1ª Câmara Cível decide favorável à realização de exame para paciente com câncer

A 1ª Câmara Cível do Tribunal de Justiça manteve condenação que determinou ao Estado do Rio Grande do Norte a realização de exames para tratamento de saúde de uma cidadã com câncer no pulmão. Conforme consta no processo, a sentença recorrida é originária da 2ª Vara da Fazenda Pública da Comarca de Mossoró e aponta que a demandante realiza tratamento de quimioterapia, sendo necessário fazer um exame de terapia oncológica chamado Pet Scan.

Em seu voto o desembargador Cornélio Alves, relator do acórdão que manteve a sentença de primeiro grau, ressaltou inicialmente o artigo 196 da Constituição Federal que considera a saúde “direito de todos e dever do Estado, garantido mediante políticas sociais e econômicas que visem à redução do risco de doença e de outro agravos”.

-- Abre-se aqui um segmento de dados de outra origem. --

definition welfare :: "nat \<Rightarrow> real \<Rightarrow> real \<Rightarrow> ((nat \<Rightarrow> real) \<Rightarrow> real) \<Rightarrow> real" where
  "welfare n M eps f =
     (\<Sum>v \<in> profiles n M. (\<Prod>j<n. gamma_pr M eps j (v j)) * (f v * (\<Sum>j<n. v j)))"

end

theory Submission
  imports Defs
begin

text \<open>In \<open>\<Gamma>\<^sup>0\<close> the big agents 0, 1 report \<open>M\<close> or \<open>-M\<^sup>2\<close> and the small agents
report \<open>\<plusminus>1\<close>. The mechanism \<open>f\<^sup>*\<close> depends only on how many agents report \<open>M\<close>,
\<open>-M\<^sup>2\<close> and \<open>-1\<close>, so it is anonymous. On the support it is unanimity plus weight
\<open>1/(n-2)\<close> on the profiles where both big agents report \<open>M\<close> and exactly one small agent
reports \<open>-1\<close>; such a profile has total value \<open>2M + n - 4 > 0\<close> by (B), so welfare strictly
increases. For incentive compatibility it suffices that every agent faces one interim value
\<open>P\<close> on both positive reports and one value \<open>Q \<le> P\<close> on both negative reports. The interim
sums are uniform sums over the others' profiles in the support; fixing the reports of the
other big agents, these profiles correspond to the subsets of small agents reporting \<open>-1\<close>,
so every sum is a count of subsets of size 0 or 1. For a big agent reporting \<open>M\<close> this gives
\<open>1 + (n-2)/(n-2) = 2\<close>, which the off-support entries of \<open>f\<^sup>*\<close> match for the report 1.\<close>

section \<open>Reduction to the support of \<open>\<Gamma>\<^sup>0\<close>\<close>

definition big_vals :: "real \<Rightarrow> real set" where
  "big_vals M = {-(M^2), M}"

definition small_vals :: "real set" where
  "small_vals = {-1, 1}"

definition support0 :: "real \<Rightarrow> nat \<Rightarrow> real set" where
  "support0 M j = (if j < 2 then big_vals M else small_vals)"

definition others_support :: "nat \<Rightarrow> real \<Rightarrow> nat \<Rightarrow> (nat \<Rightarrow> real) set" where
  "others_support n M i = PiE ({..<n} - {i}) (support0 M)"

lemma Vals_distinct:
  fixes M :: real
  assumes "M > 0" "M \<noteq> 1"
  shows "M \<noteq> -(M^2)" "M \<noteq> -1" "M \<noteq> 1" "M^2 \<noteq> 1" "M^2 \<noteq> -1"
proof -
  show "M^2 \<noteq> 1"
    using assms by (auto simp: power2_eq_1_iff)
  have "M^2 > 0"
    using assms by simp
  then show "M \<noteq> -(M^2)" "M \<noteq> -1" "M \<noteq> 1" "M^2 \<noteq> -1"
    using assms by linarith+
qed

lemma gamma_pr_zero:
  assumes "M > 0" "M \<noteq> 1"
  shows "gamma_pr M 0 j x = (if x \<in> support0 M j then 1/2 else 0)"
  using Vals_distinct[OF assms]
  by (auto simp: gamma_pr_def support0_def big_vals_def small_vals_def)

lemma support0_subset_Vals: "support0 M j \<subseteq> Vals M"
  by (auto simp: support0_def big_vals_def small_vals_def Vals_def)

lemma finite_Vals: "finite (Vals M)"
  by (simp add: Vals_def)

lemma sum_PiE_supported_weights:
  fixes p :: "'a \<Rightarrow> 'b \<Rightarrow> 'c::comm_semiring_1"
  assumes "finite I" "\<And>j. j \<in> I \<Longrightarrow> finite (U j)" "\<And>j. j \<in> I \<Longrightarrow> T j \<subseteq> U j"
    and p: "\<And>j x. j \<in> I \<Longrightarrow> x \<in> U j \<Longrightarrow> p j x = (if x \<in> T j then c else 0)"
  shows "(\<Sum>w\<in>PiE I U. (\<Prod>j\<in>I. p j (w j)) * g w) = c ^ card I * (\<Sum>w\<in>PiE I T. g w)"
proof -
  have weight: "(\<Prod>j\<in>I. p j (w j)) = (if w \<in> PiE I T then c ^ card I else 0)"
    if w: "w \<in> PiE I U" for w
  proof (cases "w \<in> PiE I T")
    case True
    then have "(\<Prod>j\<in>I. p j (w j)) = (\<Prod>j\<in>I. c)"
      using w p by (intro prod.cong) (auto simp: PiE_iff)
    then show ?thesis using True by simp
  next
    case False
    then obtain j where "j \<in> I" "w j \<notin> T j"
      using w False by (auto simp: PiE_iff)
    then show ?thesis using w p assms(1) by (auto simp: PiE_iff intro!: prod_zero bexI[of _ j])
  qed
  have "PiE I T \<subseteq> PiE I U"
    using assms(3) by (auto simp: PiE_iff)
  then have "(\<Sum>w\<in>PiE I U. (\<Prod>j\<in>I. p j (w j)) * g w) = (\<Sum>w\<in>PiE I T. c ^ card I * g w)"
    using assms(1,2) by (intro sum.mono_neutral_cong_right) (auto simp: weight finite_PiE)
  then show ?thesis by (simp add: sum_distrib_left)
qed

lemma interim_zero:
  assumes "M > 0" "M \<noteq> 1" "i < n"
  shows "interim n M 0 f i x = (1/2)^(n-1) * (\<Sum>w\<in>others_support n M i. f (w(i := x)))"
proof -
  have "card ({..<n} - {i}) = n - 1" using assms(3) by simp
  then show ?thesis
    unfolding interim_def others_support_def using assms(1,2)
    by (subst sum_PiE_supported_weights) (auto simp: gamma_pr_zero finite_Vals support0_subset_Vals)
qed

lemma welfare_zero:
  assumes "M > 0" "M \<noteq> 1"
  shows "welfare n M 0 f = (1/2)^n * (\<Sum>v\<in>PiE {..<n} (support0 M). f v * (\<Sum>j<n. v j))"
  unfolding welfare_def profiles_def using assms
  by (subst sum_PiE_supported_weights) (auto simp: gamma_pr_zero finite_Vals support0_subset_Vals)

lemma BIC_if_interim_two_valued:
  assumes "M > 0"
    and "\<And>i. i < n \<Longrightarrow> \<exists>P Q. Q \<le> P
           \<and> interim n M eps f i M = P \<and> interim n M eps f i 1 = P
           \<and> interim n M eps f i (-1) = Q \<and> interim n M eps f i (-(M^2)) = Q"
  shows "BIC n M eps f"
  unfolding BIC_def
proof (intro allI impI ballI)
  fix i x y assume "i < n" "x \<in> Vals M" "y \<in> Vals M"
  moreover obtain P Q where "Q \<le> P" "interim n M eps f i M = P" "interim n M eps f i 1 = P"
      "interim n M eps f i (-1) = Q" "interim n M eps f i (-(M^2)) = Q"
    using assms(2)[OF \<open>i < n\<close>] by blast
  ultimately show "x * interim n M eps f i y \<le> x * interim n M eps f i x"
    using \<open>M > 0\<close> by (auto simp: Vals_def intro: mult_left_mono mult_left_mono_neg)
qed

Em seguida considerou que a parte autora "comprovou necessitar do exame Pet Scan descrito na prescrição médica", bem como o fato de "não ter condição financeira para arcar com o custo do tratamento". E por isso, precisou demandar em juízo a defesa de seu direito.

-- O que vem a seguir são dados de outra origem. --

lemma nn_integral_fst_times_snd:
  fixes g h :: "real \<Rightarrow> ennreal"
  assumes [measurable]: "g \<in> borel_measurable borel" "h \<in> borel_measurable borel"
  shows "(\<integral>\<^sup>+z. g (fst z) * h (snd z) \<partial>lborel) = (\<integral>\<^sup>+x. g x \<partial>lborel) * (\<integral>\<^sup>+y. h y \<partial>lborel)"
proof -
  have "(\<integral>\<^sup>+z. g (fst z) * h (snd z) \<partial>lborel) = (\<integral>\<^sup>+x. \<integral>\<^sup>+y. g x * h y \<partial>lborel \<partial>lborel)"
    unfolding lborel_prod[symmetric]
    by (rule lborel.nn_integral_fst[where f = "\<lambda>z. g (fst z) * h (snd z)", simplified, symmetric]) measurable
  also have "\<dots> = (\<integral>\<^sup>+x. g x \<partial>lborel) * (\<integral>\<^sup>+y. h y \<partial>lborel)"
    by (simp add: nn_integral_cmult nn_integral_multc)
  finally show ?thesis .
qed

lemma nn_integral_unit_square_powr:
  "(\<integral>\<^sup>+z. ennreal (fst z powr (B - 1) * snd z powr (G - 1)) * indicator unit_square z \<partial>lborel)
     = power_moment B * power_moment G"
proof -
  have "(\<integral>\<^sup>+z. ennreal (fst z powr (B - 1) * snd z powr (G - 1)) * indicator unit_square z \<partial>lborel)
      = (\<integral>\<^sup>+z. (ennreal (fst z powr (B - 1)) * indicator {0<..<1} (fst z)) *
                (ennreal (snd z powr (G - 1)) * indicator {0<..<1} (snd z)) \<partial>lborel)"
    by (intro nn_integral_cong) (auto simp: unit_square_iff ennreal_mult split: split_indicator)
  also have "\<dots> = power_moment B * power_moment G"
    unfolding power_moment_def by (rule nn_integral_fst_times_snd) auto
  finally show ?thesis .
qed

lemma nn_integral_unit_square_exp_kernel:
  fixes A :: "real set"
  assumes [measurable]: "A \<in> sets borel"
  shows "(\<integral>\<^sup>+z. ennreal (fst z powr (B - 1) * snd z powr (G - 1)) *
            (\<integral>\<^sup>+t. ennreal (exp ((a * ln (fst z) + d * ln (snd z)) * t)) * indicator A t \<partial>lborel) *
            indicator unit_square z \<partial>lborel)
       = (\<integral>\<^sup>+t. power_moment (B + a * t) * power_moment (G + d * t) * indicator A t \<partial>lborel)"
    (is "?lhs = _")
proof -
  let ?f = "\<lambda>z t. ennreal (fst z powr (B + a * t - 1) * snd z powr (G + d * t - 1))
                    * indicator unit_square z * indicator A t"
  have meas: "(\<lambda>(z, t). ?f z t) \<in> borel_measurable (lborel \<Otimes>\<^sub>M lborel)"
    by (simp add: measurable_cong_sets[OF sets_pair_measure_cong[OF sets_lborel sets_lborel] refl]
        borel_prod[symmetric] split_beta') measurable
  have "?lhs = (\<integral>\<^sup>+z. \<integral>\<^sup>+t. ?f z t \<partial>lborel \<partial>lborel)"
  proof (rule nn_integral_cong)
    fix z :: "real \<times> real"
    show "ennreal (fst z powr (B - 1) * snd z powr (G - 1)) *
            (\<integral>\<^sup>+t. ennreal (exp ((a * ln (fst z) + d * ln (snd z)) * t)) * indicator A t \<partial>lborel) *
            indicator unit_square z = (\<integral>\<^sup>+t. ?f z t \<partial>lborel)"
    proof (cases "z \<in> unit_square")
      case True
      have "fst z powr (B + a * t - 1) * snd z powr (G + d * t - 1)
          = fst z powr (B - 1) * snd z powr (G - 1) * exp ((a * ln (fst z) + d * ln (snd z)) * t)" for t
        using True by (simp add: unit_square_iff powr_def exp_add[symmetric] algebra_simps)
      then show ?thesis
        using True by (simp add: nn_integral_cmult[symmetric] ennreal_mult mult.assoc)
    qed simp
  qed
  also have "\<dots> = (\<integral>\<^sup>+t. \<integral>\<^sup>+z. ?f z t \<partial>lborel \<partial>lborel)"
    using pair_sigma_finite.Fubini[OF _ meas]
    by (simp add: pair_sigma_finite_def lborel.sigma_finite_measure_axioms)
  also have "\<dots> = (\<integral>\<^sup>+t. power_moment (B + a * t) * power_moment (G + d * t) * indicator A t \<partial>lborel)"
  proof (rule nn_integral_cong)
    fix t :: real
    have "(\<lambda>z. ennreal (fst z powr (B + a * t - 1) * snd z powr (G + d * t - 1)) * indicator unit_square z)
            \<in> borel_measurable lborel"
      by (simp add: borel_prod[symmetric]) measurable
    then show "(\<integral>\<^sup>+z. ?f z t \<partial>lborel) = power_moment (B + a * t) * power_moment (G + d * t) * indicator A t"
      by (simp only: nn_integral_multc nn_integral_unit_square_powr)
  qed
  finally show ?thesis .
qed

Além disso, o desembargador frisou que o direito à saúde "necessita ser amplamente preservado", devendo "preponderar sobre qualquer outra norma que porventura possa restringir o direito à vida, inclusive se sobrepondo aos postulados atinentes às diretrizes orçamentárias". E dessa forma desconsiderou as alegações do ente demandado de ofensa "aos princípios da legalidade orçamentária, da reserva do possível e da separação dos poderes".

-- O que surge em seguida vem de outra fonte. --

(* Let $0<\beta<2$ and let $\Lambda>0$, $\delta>0$ with $\beta+\delta>1$. For $\varepsilon$ with $0<\varepsilon<\beta/2$, and additionally $\varepsilon<\frac{\beta-1}{2}$ if $\beta>1$, let $u_\varepsilon\in C^1(\mathbb{R})$ be an even function of the form \[u_\varepsilon(x)=\begin{cases}|x|^{\beta-\varepsilon},&|x|\ge1,\\ \phi(x),&|x|<1,\end{cases}\] where $\phi$ (possibly depending on $\varepsilon$) satisfies $0\le\phi(x)\le\Lambda|x|^{\beta+\delta}$ and $|\phi'(x)|\le\Lambda|x|^{\beta+\delta-1}$ for $|x|\le1$. Then there exist $\varepsilon_0>0$ and constants $C_0,C_1>0$, independent of $\varepsilon$, such that for all admissible $0<\varepsilon<\varepsilon_0$ \[\mathcal{L}u_\varepsilon(0)\ge\frac{C_0}{\varepsilon},\qquad 0<\Gamma_2(u_\varepsilon)(0)\le\frac{C_1}{\varepsilon}.\] In particular, for every $\mu>0$ there exists such a $u$ with $0<\Gamma_2(u)(0)<\mu(\mathcal{L}u(0))^2<\infty$.
   Context: Here $d=1$: $c_{\beta,1}=\frac{2^\beta\Gamma(\frac{1+\beta}{2})}{\pi^{1/2}|\Gamma(-\frac{\beta}{2})|}$, $\mathcal{L}u(x)=c_{\beta,1}\int_{\mathbb{R}}\frac{u(x+h)-2u(x)+u(x-h)}{|h|^{1+\beta}}dh$, $\Gamma_2(u)(x)=c_{\beta,1}^2\int_{\mathbb{R}}\int_{\mathbb{R}}\frac{[u(x+h+\sigma)-u(x+h)-u(x+\sigma)+u(x)]^2}{|h|^{1+\beta}|\sigma|^{1+\beta}}dh\,d\sigma$ (defined by these integrals also for unbounded functions when they converge). *)

theory Defs
  imports "HOL-Analysis.Analysis"
begin

definition c_beta :: "real \<Rightarrow> real" where
  "c_beta \<beta> = 2 powr \<beta> * Gamma ((1 + \<beta>) / 2) / (pi powr (1/2) * \<bar>Gamma (- \<beta> / 2)\<bar>)"

definition L_integrand :: "real \<Rightarrow> (real \<Rightarrow> real) \<Rightarrow> real \<Rightarrow> real \<Rightarrow> real" where
  "L_integrand \<beta> u x h = (u (x + h) - 2 * u x + u (x - h)) / \<bar>h\<bar> powr (1 + \<beta>)"

definition frac_L :: "real \<Rightarrow> (real \<Rightarrow> real) \<Rightarrow> real \<Rightarrow> real" where
  "frac_L \<beta> u x = c_beta \<beta> * (\<integral>h. L_integrand \<beta> u x h \<partial>lborel)"

definition G2_integrand :: "real \<Rightarrow> (real \<Rightarrow> real) \<Rightarrow> real \<Rightarrow> real \<times> real \<Rightarrow> real" where
  "G2_integrand \<beta> u x p = (case p of (h, \<sigma>) \<Rightarrow>
     (u (x + h + \<sigma>) - u (x + h) - u (x + \<sigma>) + u x)\<^sup>2 / (\<bar>h\<bar> powr (1 + \<beta>) * \<bar>\<sigma>\<bar> powr (1 + \<beta>)))"

definition Gamma2 :: "real \<Rightarrow> (real \<Rightarrow> real) \<Rightarrow> real \<Rightarrow> real" where
  "Gamma2 \<beta> u x = (c_beta \<beta>)\<^sup>2 * (\<integral>p. G2_integrand \<beta> u x p \<partial>(lborel \<Otimes>\<^sub>M lborel))"

definition admissible_eps :: "real \<Rightarrow> real \<Rightarrow> bool" where
  "admissible_eps \<beta> \<epsilon> \<longleftrightarrow> 0 < \<epsilon> \<and> \<epsilon> < \<beta> / 2 \<and> (\<beta> > 1 \<longrightarrow> \<epsilon> < (\<beta> - 1) / 2)"

text \<open>u is a C^1 even function equal to |x|^(beta-eps) for |x| >= 1, and on |x| <= 1
  it coincides with (the continuous C^1 extension of) phi satisfying the bounds.\<close>
definition test_fun :: "real \<Rightarrow> real \<Rightarrow> real \<Rightarrow> real \<Rightarrow> (real \<Rightarrow> real) \<Rightarrow> bool" where
  "test_fun \<beta> \<Lambda> \<delta> \<epsilon> u \<longleftrightarrow>
     u C1_differentiable_on UNIV \<and>
     (\<forall>x. u (- x) = u x) \<and>
     (\<forall>x. \<bar>x\<bar> \<ge> 1 \<longrightarrow> u x = \<bar>x\<bar> powr (\<beta> - \<epsilon>)) \<and>
     (\<forall>x. \<bar>x\<bar> \<le> 1 \<longrightarrow> 0 \<le> u x \<and> u x \<le> \<Lambda> * \<bar>x\<bar> powr (\<beta> + \<delta>)) \<and>
     (\<forall>x. \<bar>x\<bar> \<le> 1 \<longrightarrow> \<bar>deriv u x\<bar> \<le> \<Lambda> * \<bar>x\<bar> powr (\<beta> + \<delta> - 1))"

end

theory Submission
  imports Defs
begin

text \<open>At the origin \<open>u\<close> vanishes and is even, so the integrand of \<open>L u(0)\<close> is
  \<open>2 u(h) / |h|^(1+\<beta>)\<close>; its tail \<open>|h|^(-1-\<epsilon>)\<close> on \<open>|h| \<ge> 1\<close> already forces \<open>L u(0) \<ge> C/\<epsilon>\<close>.
  The integrand of \<open>\<Gamma>\<^sub>2(u)(0)\<close> is the square of the mixed difference \<open>u(h+\<sigma>) - u(h) - u(\<sigma>)\<close>,
  which by symmetry only needs to be bounded on the cone \<open>|\<sigma>| \<le> |h|\<close>. There the mean value
  theorem gives \<open>|\<sigma>| |h|^(\<beta>+\<delta>-1)\<close> for \<open>|h| \<le> 1\<close>, and interpolating between the mean value
  bound and the trivial bound gives \<open>|\<sigma>|^\<alpha> |h|^(\<beta>-\<epsilon>-\<alpha>)\<close> for \<open>|h| > 1\<close>, with \<open>\<alpha>\<close> slightly
  above \<open>\<beta>/2\<close>. Integrating first in \<open>\<sigma>\<close> leaves \<open>|h|^(2\<delta>-1)\<close> near \<open>0\<close> and \<open>|h|^(-1-2\<epsilon>)\<close> at
  infinity, whence \<open>\<Gamma>\<^sub>2(u)(0) = O(1/\<delta> + 1/\<epsilon>)\<close>; it is positive because the mixed difference at
  \<open>(2, 2)\<close> is \<open>2^p (2^p - 2) \<noteq> 0\<close> for \<open>p = \<beta> - \<epsilon> \<noteq> 1\<close>. Thus \<open>\<Gamma>\<^sub>2(u)(0) / (L u(0))\<^sup>2 = O(\<epsilon>)\<close>, and an
  explicit admissible \<open>u\<close>, a quadratic in \<open>x\<^sup>2\<close> glued to \<open>|x|^(\<beta>-\<epsilon>)\<close>, gives the last claim.\<close>

section \<open>Integrals of powers on the real line\<close>

lemma nn_integral_abs_le_twice_nonneg:
  fixes F :: "real \<Rightarrow> real"
  assumes [measurable]: "F \<in> borel_measurable borel"
  shows "(\<integral>\<^sup>+x. ennreal (F \<bar>x\<bar>) \<partial>lborel) \<le> 2 * (\<integral>\<^sup>+x. ennreal (F x) * indicator {0..} x \<partial>lborel)"
proof -
  have "(\<integral>\<^sup>+x. ennreal (F \<bar>x\<bar>) \<partial>lborel)
      = (\<integral>\<^sup>+x. ennreal (F x) * indicator {0..} x + ennreal (F (-x)) * indicator {..<0} x \<partial>lborel)"
    by (intro nn_integral_cong) (auto simp: indicator_def)
  also have "\<dots> = (\<integral>\<^sup>+x. ennreal (F x) * indicator {0..} x \<partial>lborel)
                + (\<integral>\<^sup>+x. ennreal (F (-x)) * indicator {..<0} x \<partial>lborel)"
    by (intro nn_integral_add) auto
  also have "(\<integral>\<^sup>+x. ennreal (F (-x)) * indicator {..<0} x \<partial>lborel)
      = (\<integral>\<^sup>+x. ennreal (F (-(0 + (-1) * x))) * indicator {..<0} (0 + (-1) * x) \<partial>lborel)"
    by (subst nn_integral_real_affine[where c="-1" and t=0]) auto
  also have "\<dots> \<le> (\<integral>\<^sup>+x. ennreal (F x) * indicator {0..} x \<partial>lborel)"
    by (intro nn_integral_mono) (auto simp: indicator_def)
  finally show ?thesis
    by (simp add: mult_2 add_left_mono)
qed

lemma nn_integral_abs_powr_ball_le:
  fixes c r :: real
  assumes "-1 < c" "0 \<le> r"
  shows "(\<integral>\<^sup>+x. ennreal (indicator {..r} \<bar>x\<bar> * \<bar>x\<bar> powr c) \<partial>lborel) \<le> ennreal (2 * r powr (c + 1) / (c + 1))"
proof -
  have "(\<integral>\<^sup>+x. ennreal (indicator {..r} \<bar>x\<bar> * \<bar>x\<bar> powr c) \<partial>lborel)
      \<le> 2 * (\<integral>\<^sup>+x. ennreal (indicator {..r} x * x powr c) * indicator {0..} x \<partial>lborel)"
    by (rule nn_integral_abs_le_twice_nonneg) measurable
  also have "(\<integral>\<^sup>+x. ennreal (indicator {..r} x * x powr c) * indicator {0..} x \<partial>lborel)
      = (\<integral>\<^sup>+x. ennreal (x powr c) * indicator {0..r} x \<partial>lborel)"
    by (intro nn_integral_cong) (auto simp: indicator_def)
  also have "\<dots> = ennreal (r powr (c + 1) / (c + 1))"
    using has_integral_powr_from_0 assms by (intro nn_integral_has_integral_lebesgue') auto
  finally show ?thesis
    using assms by (simp add: ennreal_mult' flip: times_divide_eq_right)
qed

lemma nn_integral_powr_to_inf:
  fixes c :: real
  assumes "c < -1"
  shows "(\<integral>\<^sup>+x. ennreal (x powr c) * indicator {1..} x \<partial>lborel) = ennreal (1 / (- c - 1))"
proof -
  have "((\<lambda>x. x powr c) has_integral 1 / (- c - 1)) {1..}"
    using has_integral_powr_to_inf[of c 1] assms by (simp add: minus_divide_right)
  then show ?thesis
    by (intro nn_integral_has_integral_lebesgue') auto
qed

lemma nn_integral_abs_powr_outside_le:
  fixes c :: real
  assumes "c < -1"
  shows "(\<integral>\<^sup>+x. ennreal (indicator {1<..} \<bar>x\<bar> * \<bar>x\<bar> powr c) \<partial>lborel) \<le> ennreal (2 / (- c - 1))"
proof -
  have "(\<integral>\<^sup>+x. ennreal (indicator {1<..} \<bar>x\<bar> * \<bar>x\<bar> powr c) \<partial>lborel)
      \<le> 2 * (\<integral>\<^sup>+x. ennreal (indicator {1<..} x * x powr c) * indicator {0..} x \<partial>lborel)"
    by (rule nn_integral_abs_le_twice_nonneg) measurable
  also have "(\<integral>\<^sup>+x. ennreal (indicator {1<..} x * x powr c) * indicator {0..} x \<partial>lborel)
      \<le> (\<integral>\<^sup>+x. ennreal (x powr c) * indicator {1..} x \<partial>lborel)"
    by (intro nn_integral_mono) (auto simp: indicator_def)
  also have "\<dots> = ennreal (1 / (- c - 1))"
    using assms by (rule nn_integral_powr_to_inf)
  also have "2 * ennreal (1 / (- c - 1)) = ennreal (2 / (- c - 1))"
    using assms by (simp add: ennreal_mult' divide_inverse)
  finally show ?thesis
    by (simp add: mult_left_mono)
qed

lemma nn_integral_abs_powr_outside_ge:
  fixes c :: real
  assumes "c < -1"
  shows "ennreal (1 / (- c - 1)) \<le> (\<integral>\<^sup>+x. ennreal (indicator {1..} \<bar>x\<bar> * \<bar>x\<bar> powr c) \<partial>lborel)"
  unfolding nn_integral_powr_to_inf[OF assms, symmetric]
  by (intro nn_integral_mono) (auto simp: indicator_def)

lemma nn_integral_two_scale_powr_le:
  fixes a b A B :: real
  assumes "0 < a" "0 < b" "0 \<le> A" "0 \<le> B"
  shows "(\<integral>\<^sup>+x. ennreal (if \<bar>x\<bar> \<le> 1 then A * \<bar>x\<bar> powr (a - 1) else B * \<bar>x\<bar> powr (-1 - b)) \<partial>lborel)
      \<le> ennreal (2 * A / a + 2 * B / b)"
proof -
  have "(\<integral>\<^sup>+x. ennreal (if \<bar>x\<bar> \<le> 1 then A * \<bar>x\<bar> powr (a - 1) else B * \<bar>x\<bar> powr (-1 - b)) \<partial>lborel)
      = (\<integral>\<^sup>+x. ennreal A * ennreal (indicator {..1} \<bar>x\<bar> * \<bar>x\<bar> powr (a - 1))
              + ennreal B * ennreal (indicator {1<..} \<bar>x\<bar> * \<bar>x\<bar> powr (-1 - b)) \<partial>lborel)"
    using assms by (intro nn_integral_cong) (auto simp: indicator_def ennreal_mult[symmetric])
  also have "\<dots> = ennreal A * (\<integral>\<^sup>+x. ennreal (indicator {..1} \<bar>x\<bar> * \<bar>x\<bar> powr (a - 1)) \<partial>lborel)
              + ennreal B * (\<integral>\<^sup>+x. ennreal (indicator {1<..} \<bar>x\<bar> * \<bar>x\<bar> powr (-1 - b)) \<partial>lborel)"
    by (subst nn_integral_add) (auto simp: nn_integral_cmult)
  also have "\<dots> \<le> ennreal A * ennreal (2 * 1 powr (a - 1 + 1) / (a - 1 + 1))
              + ennreal B * ennreal (2 / (- (-1 - b) - 1))"
    using assms by (intro add_mono mult_left_mono nn_integral_abs_powr_ball_le
        nn_integral_abs_powr_outside_le) auto
  also have "\<dots> = ennreal (2 * A / a + 2 * B / b)"
    using assms by (simp add: ennreal_mult'[symmetric] ennreal_plus[symmetric] mult.commute del: ennreal_plus)
  finally show ?thesis .
qed

lemma nn_integral_cone_powr_le:
  fixes C s t h :: real
  assumes "-1 < s" "0 \<le> C"
  shows "(\<integral>\<^sup>+\<sigma>. ennreal (if \<bar>\<sigma>\<bar> \<le> \<bar>h\<bar> then C * \<bar>\<sigma>\<bar> powr s * \<bar>h\<bar> powr t else 0) \<partial>lborel)
      \<le> ennreal (2 * C / (s + 1) * \<bar>h\<bar> powr (s + t + 1))"
proof -
  have "(\<integral>\<^sup>+\<sigma>. ennreal (if \<bar>\<sigma>\<bar> \<le> \<bar>h\<bar> then C * \<bar>\<sigma>\<bar> powr s * \<bar>h\<bar> powr t else 0) \<partial>lborel)
      = ennreal (C * \<bar>h\<bar> powr t) * (\<integral>\<^sup>+\<sigma>. ennreal (indicator {..\<bar>h\<bar>} \<bar>\<sigma>\<bar> * \<bar>\<sigma>\<bar> powr s) \<partial>lborel)"
    using assms by (subst nn_integral_cmult[symmetric])
      (auto intro!: nn_integral_cong simp: indicator_def ennreal_mult[symmetric] mult_ac)
  also have "\<dots> \<le> ennreal (C * \<bar>h\<bar> powr t) * ennreal (2 * \<bar>h\<bar> powr (s + 1) / (s + 1))"
    using assms by (intro mult_left_mono nn_integral_abs_powr_ball_le) auto
  also have "\<dots> = ennreal (2 * C / (s + 1) * \<bar>h\<bar> powr (s + t + 1))"
    using assms by (simp add: ennreal_mult[symmetric] powr_add[symmetric] add_ac)
  finally show ?thesis .
qed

Em relação ao princípio da separação dos poderes, o desembargador ainda fez menção a Súmula 34 do STJ que pacificou entendimento no sentido de que a "ação que almeja a obtenção de medicamentos e tratamentos de saúde pode ser proposta, indistintamente, em face de qualquer dos entes federativos".

E por fim, o magistrado de segundo grau juntou ao processo jurisprudência do TJRS e TJRN indicando que os entes públicos têm o dever de fornecer "medicamento indispensável ao restabelecimento da saúde independe de previsão em lista do Ministério da Saúde".